● Supplied material:

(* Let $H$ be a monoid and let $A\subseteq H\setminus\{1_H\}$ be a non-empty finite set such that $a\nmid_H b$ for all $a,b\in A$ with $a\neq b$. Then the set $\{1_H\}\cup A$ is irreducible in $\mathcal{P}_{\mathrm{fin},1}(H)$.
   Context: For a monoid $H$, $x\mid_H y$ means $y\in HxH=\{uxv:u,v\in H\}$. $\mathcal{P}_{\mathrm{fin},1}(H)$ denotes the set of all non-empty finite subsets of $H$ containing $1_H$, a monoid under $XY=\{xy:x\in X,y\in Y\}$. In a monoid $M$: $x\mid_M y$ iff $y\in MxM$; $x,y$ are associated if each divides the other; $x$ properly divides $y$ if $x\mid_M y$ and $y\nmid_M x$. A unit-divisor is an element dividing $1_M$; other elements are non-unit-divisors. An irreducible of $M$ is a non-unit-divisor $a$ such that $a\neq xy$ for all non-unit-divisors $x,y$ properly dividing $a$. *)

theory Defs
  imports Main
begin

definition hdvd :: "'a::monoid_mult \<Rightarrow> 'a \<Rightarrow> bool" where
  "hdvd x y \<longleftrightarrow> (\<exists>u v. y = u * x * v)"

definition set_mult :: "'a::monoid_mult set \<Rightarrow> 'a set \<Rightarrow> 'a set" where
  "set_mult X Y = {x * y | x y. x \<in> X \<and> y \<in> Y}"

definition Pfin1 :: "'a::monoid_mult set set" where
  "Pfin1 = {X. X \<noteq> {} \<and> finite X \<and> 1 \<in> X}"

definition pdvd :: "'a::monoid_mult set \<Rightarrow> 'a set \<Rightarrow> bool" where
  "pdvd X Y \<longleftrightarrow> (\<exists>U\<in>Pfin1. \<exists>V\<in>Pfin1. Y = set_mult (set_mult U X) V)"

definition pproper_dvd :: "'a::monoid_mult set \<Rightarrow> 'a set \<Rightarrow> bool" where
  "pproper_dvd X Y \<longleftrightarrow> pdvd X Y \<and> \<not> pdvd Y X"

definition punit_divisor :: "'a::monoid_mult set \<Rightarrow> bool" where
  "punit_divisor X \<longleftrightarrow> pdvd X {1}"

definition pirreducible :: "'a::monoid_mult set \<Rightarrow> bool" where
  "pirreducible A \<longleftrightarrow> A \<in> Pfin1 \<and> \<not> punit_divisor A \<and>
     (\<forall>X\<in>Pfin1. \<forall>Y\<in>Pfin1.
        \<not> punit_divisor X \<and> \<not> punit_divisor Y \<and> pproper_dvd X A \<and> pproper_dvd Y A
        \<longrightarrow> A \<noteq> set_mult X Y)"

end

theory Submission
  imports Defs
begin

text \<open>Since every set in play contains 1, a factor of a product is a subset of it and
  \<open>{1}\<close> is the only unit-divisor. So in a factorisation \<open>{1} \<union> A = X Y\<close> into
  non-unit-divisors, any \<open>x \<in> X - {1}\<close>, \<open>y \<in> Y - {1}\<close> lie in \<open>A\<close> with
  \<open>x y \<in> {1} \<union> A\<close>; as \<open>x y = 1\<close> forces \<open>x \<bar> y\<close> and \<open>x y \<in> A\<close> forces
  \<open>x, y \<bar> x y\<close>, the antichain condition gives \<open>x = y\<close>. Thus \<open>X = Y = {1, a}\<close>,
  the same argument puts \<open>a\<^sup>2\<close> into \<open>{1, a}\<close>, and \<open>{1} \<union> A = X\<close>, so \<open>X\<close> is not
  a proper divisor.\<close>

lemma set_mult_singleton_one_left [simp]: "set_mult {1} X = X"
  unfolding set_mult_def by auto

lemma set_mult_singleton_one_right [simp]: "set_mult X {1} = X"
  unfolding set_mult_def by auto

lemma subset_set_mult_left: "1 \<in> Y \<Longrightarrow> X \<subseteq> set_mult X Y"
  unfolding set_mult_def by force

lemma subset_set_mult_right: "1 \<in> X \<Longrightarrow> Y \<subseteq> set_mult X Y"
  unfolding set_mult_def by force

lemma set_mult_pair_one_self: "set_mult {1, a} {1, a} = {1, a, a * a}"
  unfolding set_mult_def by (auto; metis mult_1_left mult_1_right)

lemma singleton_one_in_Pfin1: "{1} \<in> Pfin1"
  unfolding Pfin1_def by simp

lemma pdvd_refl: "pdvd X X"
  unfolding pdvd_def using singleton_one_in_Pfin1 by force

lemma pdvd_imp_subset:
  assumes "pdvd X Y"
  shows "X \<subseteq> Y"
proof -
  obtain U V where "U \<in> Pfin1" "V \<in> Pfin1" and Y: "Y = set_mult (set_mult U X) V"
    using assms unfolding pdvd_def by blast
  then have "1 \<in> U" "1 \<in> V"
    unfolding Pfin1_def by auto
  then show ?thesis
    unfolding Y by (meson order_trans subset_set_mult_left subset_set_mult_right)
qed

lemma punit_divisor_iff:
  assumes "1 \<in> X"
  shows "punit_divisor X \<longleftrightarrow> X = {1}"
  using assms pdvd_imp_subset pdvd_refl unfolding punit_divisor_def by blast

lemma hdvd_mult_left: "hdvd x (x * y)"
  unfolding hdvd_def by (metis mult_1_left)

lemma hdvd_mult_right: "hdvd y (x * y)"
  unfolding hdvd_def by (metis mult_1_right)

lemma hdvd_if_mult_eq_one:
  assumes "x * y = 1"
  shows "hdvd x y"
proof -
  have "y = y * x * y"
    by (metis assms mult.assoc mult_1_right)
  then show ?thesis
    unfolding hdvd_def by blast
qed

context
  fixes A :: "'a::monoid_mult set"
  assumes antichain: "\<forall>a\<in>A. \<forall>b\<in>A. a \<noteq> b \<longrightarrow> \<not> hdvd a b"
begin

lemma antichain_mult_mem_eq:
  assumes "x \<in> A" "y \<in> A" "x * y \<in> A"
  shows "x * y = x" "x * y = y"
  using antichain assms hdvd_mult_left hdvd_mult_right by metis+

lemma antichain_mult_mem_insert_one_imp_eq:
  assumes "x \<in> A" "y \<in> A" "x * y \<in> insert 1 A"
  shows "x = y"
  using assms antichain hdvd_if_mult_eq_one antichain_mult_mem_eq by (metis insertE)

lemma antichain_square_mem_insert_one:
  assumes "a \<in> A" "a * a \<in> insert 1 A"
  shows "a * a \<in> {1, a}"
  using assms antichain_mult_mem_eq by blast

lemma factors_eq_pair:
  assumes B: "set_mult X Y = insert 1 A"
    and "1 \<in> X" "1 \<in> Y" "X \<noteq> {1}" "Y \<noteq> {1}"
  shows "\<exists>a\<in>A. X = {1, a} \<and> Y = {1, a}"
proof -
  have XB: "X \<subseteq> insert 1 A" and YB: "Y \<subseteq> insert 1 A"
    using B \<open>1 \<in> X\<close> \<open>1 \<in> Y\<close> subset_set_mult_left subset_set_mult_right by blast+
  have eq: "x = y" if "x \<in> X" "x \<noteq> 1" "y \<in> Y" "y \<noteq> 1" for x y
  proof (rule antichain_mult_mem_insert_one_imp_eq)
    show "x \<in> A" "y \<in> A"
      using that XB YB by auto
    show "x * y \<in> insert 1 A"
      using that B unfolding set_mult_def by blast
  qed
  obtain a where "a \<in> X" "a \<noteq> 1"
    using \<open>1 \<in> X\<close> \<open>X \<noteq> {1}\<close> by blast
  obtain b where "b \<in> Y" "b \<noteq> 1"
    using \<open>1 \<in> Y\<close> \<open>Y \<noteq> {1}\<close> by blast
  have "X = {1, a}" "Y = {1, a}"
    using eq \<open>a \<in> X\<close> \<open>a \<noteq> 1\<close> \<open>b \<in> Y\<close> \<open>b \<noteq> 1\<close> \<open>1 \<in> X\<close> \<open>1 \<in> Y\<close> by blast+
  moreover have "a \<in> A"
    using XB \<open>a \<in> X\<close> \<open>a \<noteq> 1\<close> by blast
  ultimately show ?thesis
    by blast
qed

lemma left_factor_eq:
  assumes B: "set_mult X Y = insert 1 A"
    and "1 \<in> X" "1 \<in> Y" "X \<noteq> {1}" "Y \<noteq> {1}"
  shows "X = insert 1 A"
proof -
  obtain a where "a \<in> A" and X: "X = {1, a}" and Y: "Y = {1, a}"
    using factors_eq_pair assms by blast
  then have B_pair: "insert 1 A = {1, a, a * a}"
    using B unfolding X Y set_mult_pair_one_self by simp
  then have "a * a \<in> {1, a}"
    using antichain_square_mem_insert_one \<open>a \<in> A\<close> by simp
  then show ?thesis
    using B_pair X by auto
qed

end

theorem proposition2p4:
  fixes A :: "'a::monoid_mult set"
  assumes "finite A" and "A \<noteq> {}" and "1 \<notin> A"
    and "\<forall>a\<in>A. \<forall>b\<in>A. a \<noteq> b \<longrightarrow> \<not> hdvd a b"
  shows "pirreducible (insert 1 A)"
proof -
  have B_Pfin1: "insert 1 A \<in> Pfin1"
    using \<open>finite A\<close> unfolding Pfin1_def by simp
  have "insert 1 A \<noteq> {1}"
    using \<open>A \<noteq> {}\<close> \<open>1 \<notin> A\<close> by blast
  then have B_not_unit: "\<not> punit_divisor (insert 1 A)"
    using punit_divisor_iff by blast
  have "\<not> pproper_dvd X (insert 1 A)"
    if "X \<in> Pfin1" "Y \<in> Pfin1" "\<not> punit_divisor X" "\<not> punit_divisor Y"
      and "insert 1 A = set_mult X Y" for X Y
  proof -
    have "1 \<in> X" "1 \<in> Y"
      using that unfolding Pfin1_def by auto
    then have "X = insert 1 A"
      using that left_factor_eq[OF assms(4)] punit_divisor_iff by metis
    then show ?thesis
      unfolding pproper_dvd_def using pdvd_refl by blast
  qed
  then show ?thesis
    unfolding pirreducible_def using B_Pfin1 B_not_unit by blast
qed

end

● Exercise directions: Which lines of the records above contain the word "that"? Report each one.

● Result for this task:
(* Let $H$ be a monoid and let $A\subseteq H\setminus\{1_H\}$ be a non-empty finite set such that $a\nmid_H b$ for all $a,b\in A$ with $a\neq b$. Then the set $\{1_H\}\cup A$ is irreducible in $\mathcal{P}_{\mathrm{fin},1}(H)$.
   Context: For a monoid $H$, $x\mid_H y$ means $y\in HxH=\{uxv:u,v\in H\}$. $\mathcal{P}_{\mathrm{fin},1}(H)$ denotes the set of all non-empty finite subsets of $H$ containing $1_H$, a monoid under $XY=\{xy:x\in X,y\in Y\}$. In a monoid $M$: $x\mid_M y$ iff $y\in MxM$; $x,y$ are associated if each divides the other; $x$ properly divides $y$ if $x\mid_M y$ and $y\nmid_M x$. A unit-divisor is an element dividing $1_M$; other elements are non-unit-divisors. An irreducible of $M$ is a non-unit-divisor $a$ such that $a\neq xy$ for all non-unit-divisors $x,y$ properly dividing $a$. *)
      using that XB YB by auto
      using that B unfolding set_mult_def by blast
      using that unfolding Pfin1_def by auto
      using that left_factor_eq[OF assms(4)] punit_divisor_iff by metis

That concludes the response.